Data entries
•••

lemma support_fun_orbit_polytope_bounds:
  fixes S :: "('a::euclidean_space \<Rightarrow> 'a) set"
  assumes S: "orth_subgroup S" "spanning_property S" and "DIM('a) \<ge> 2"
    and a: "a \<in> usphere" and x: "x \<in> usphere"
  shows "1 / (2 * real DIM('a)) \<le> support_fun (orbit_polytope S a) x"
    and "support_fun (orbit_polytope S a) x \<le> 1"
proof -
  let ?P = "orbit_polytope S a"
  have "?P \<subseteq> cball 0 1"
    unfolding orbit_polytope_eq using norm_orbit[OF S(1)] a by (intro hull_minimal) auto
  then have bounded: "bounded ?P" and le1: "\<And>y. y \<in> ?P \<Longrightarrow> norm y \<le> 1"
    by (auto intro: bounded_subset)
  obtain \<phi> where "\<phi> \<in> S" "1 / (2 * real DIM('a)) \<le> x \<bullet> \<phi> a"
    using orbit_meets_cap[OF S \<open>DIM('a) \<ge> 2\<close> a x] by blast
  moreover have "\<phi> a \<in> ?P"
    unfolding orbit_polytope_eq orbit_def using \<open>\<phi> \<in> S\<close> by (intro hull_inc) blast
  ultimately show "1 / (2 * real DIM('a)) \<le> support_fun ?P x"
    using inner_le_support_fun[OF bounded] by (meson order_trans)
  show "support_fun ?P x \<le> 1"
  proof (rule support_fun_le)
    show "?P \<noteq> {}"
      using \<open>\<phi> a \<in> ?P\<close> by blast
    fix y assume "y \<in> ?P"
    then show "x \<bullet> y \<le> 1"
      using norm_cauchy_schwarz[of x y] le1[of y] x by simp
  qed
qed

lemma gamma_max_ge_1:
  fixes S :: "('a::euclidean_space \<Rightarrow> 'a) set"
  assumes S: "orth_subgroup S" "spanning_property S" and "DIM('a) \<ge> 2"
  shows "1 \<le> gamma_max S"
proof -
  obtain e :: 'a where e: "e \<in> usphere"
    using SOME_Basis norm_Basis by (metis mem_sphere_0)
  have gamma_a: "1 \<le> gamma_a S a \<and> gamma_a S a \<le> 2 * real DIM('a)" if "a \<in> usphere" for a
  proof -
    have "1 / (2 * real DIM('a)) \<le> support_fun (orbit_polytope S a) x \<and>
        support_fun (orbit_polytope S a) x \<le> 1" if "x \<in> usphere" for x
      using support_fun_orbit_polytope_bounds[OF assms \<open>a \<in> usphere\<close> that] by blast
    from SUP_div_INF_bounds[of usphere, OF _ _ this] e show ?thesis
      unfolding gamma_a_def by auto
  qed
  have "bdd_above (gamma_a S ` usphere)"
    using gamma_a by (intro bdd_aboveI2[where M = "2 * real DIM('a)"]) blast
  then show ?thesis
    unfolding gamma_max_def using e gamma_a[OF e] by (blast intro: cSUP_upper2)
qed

•••

#### Assigned task
The entries shown above should be copied out word for word.

#### Answer to this problem
lemma support_fun_orbit_polytope_bounds:
  fixes S :: "('a::euclidean_space \<Rightarrow> 'a) set"
  assumes S: "orth_subgroup S" "spanning_property S" and "DIM('a) \<ge> 2"
    and a: "a \<in> usphere" and x: "x \<in> usphere"
  shows "1 / (2 * real DIM('a)) \<le> support_fun (orbit_polytope S a) x"
    and "support_fun (orbit_polytope S a) x \<le> 1"
proof -
  let ?P = "orbit_polytope S a"
  have "?P \<subseteq> cball 0 1"
    unfolding orbit_polytope_eq using norm_orbit[OF S(1)] a by (intro hull_minimal) auto
  then have bounded: "bounded ?P" and le1: "\<And>y. y \<in> ?P \<Longrightarrow> norm y \<le> 1"
    by (auto intro: bounded_subset)
  obtain \<phi> where "\<phi> \<in> S" "1 / (2 * real DIM('a)) \<le> x \<bullet> \<phi> a"
    using orbit_meets_cap[OF S \<open>DIM('a) \<ge> 2\<close> a x] by blast
  moreover have "\<phi> a \<in> ?P"
    unfolding orbit_polytope_eq orbit_def using \<open>\<phi> \<in> S\<close> by (intro hull_inc) blast
  ultimately show "1 / (2 * real DIM('a)) \<le> support_fun ?P x"
    using inner_le_support_fun[OF bounded] by (meson order_trans)
  show "support_fun ?P x \<le> 1"
  proof (rule support_fun_le)
    show "?P \<noteq> {}"
      using \<open>\<phi> a \<in> ?P\<close> by blast
    fix y assume "y \<in> ?P"
    then show "x \<bullet> y \<le> 1"
      using norm_cauchy_schwarz[of x y] le1[of y] x by simp
  qed
qed

lemma gamma_max_ge_1:
  fixes S :: "('a::euclidean_space \<Rightarrow> 'a) set"
  assumes S: "orth_subgroup S" "spanning_property S" and "DIM('a) \<ge> 2"
  shows "1 \<le> gamma_max S"
proof -
  obtain e :: 'a where e: "e \<in> usphere"
    using SOME_Basis norm_Basis by (metis mem_sphere_0)
  have gamma_a: "1 \<le> gamma_a S a \<and> gamma_a S a \<le> 2 * real DIM('a)" if "a \<in> usphere" for a
  proof -
    have "1 / (2 * real DIM('a)) \<le> support_fun (orbit_polytope S a) x \<and>
        support_fun (orbit_polytope S a) x \<le> 1" if "x \<in> usphere" for x
      using support_fun_orbit_polytope_bounds[OF assms \<open>a \<in> usphere\<close> that] by blast
    from SUP_div_INF_bounds[of usphere, OF _ _ this] e show ?thesis
      unfolding gamma_a_def by auto
  qed
  have "bdd_above (gamma_a S ` usphere)"
    using gamma_a by (intro bdd_aboveI2[where M = "2 * real DIM('a)"]) blast
  then show ?thesis
    unfolding gamma_max_def using e gamma_a[OF e] by (blast intro: cSUP_upper2)
qed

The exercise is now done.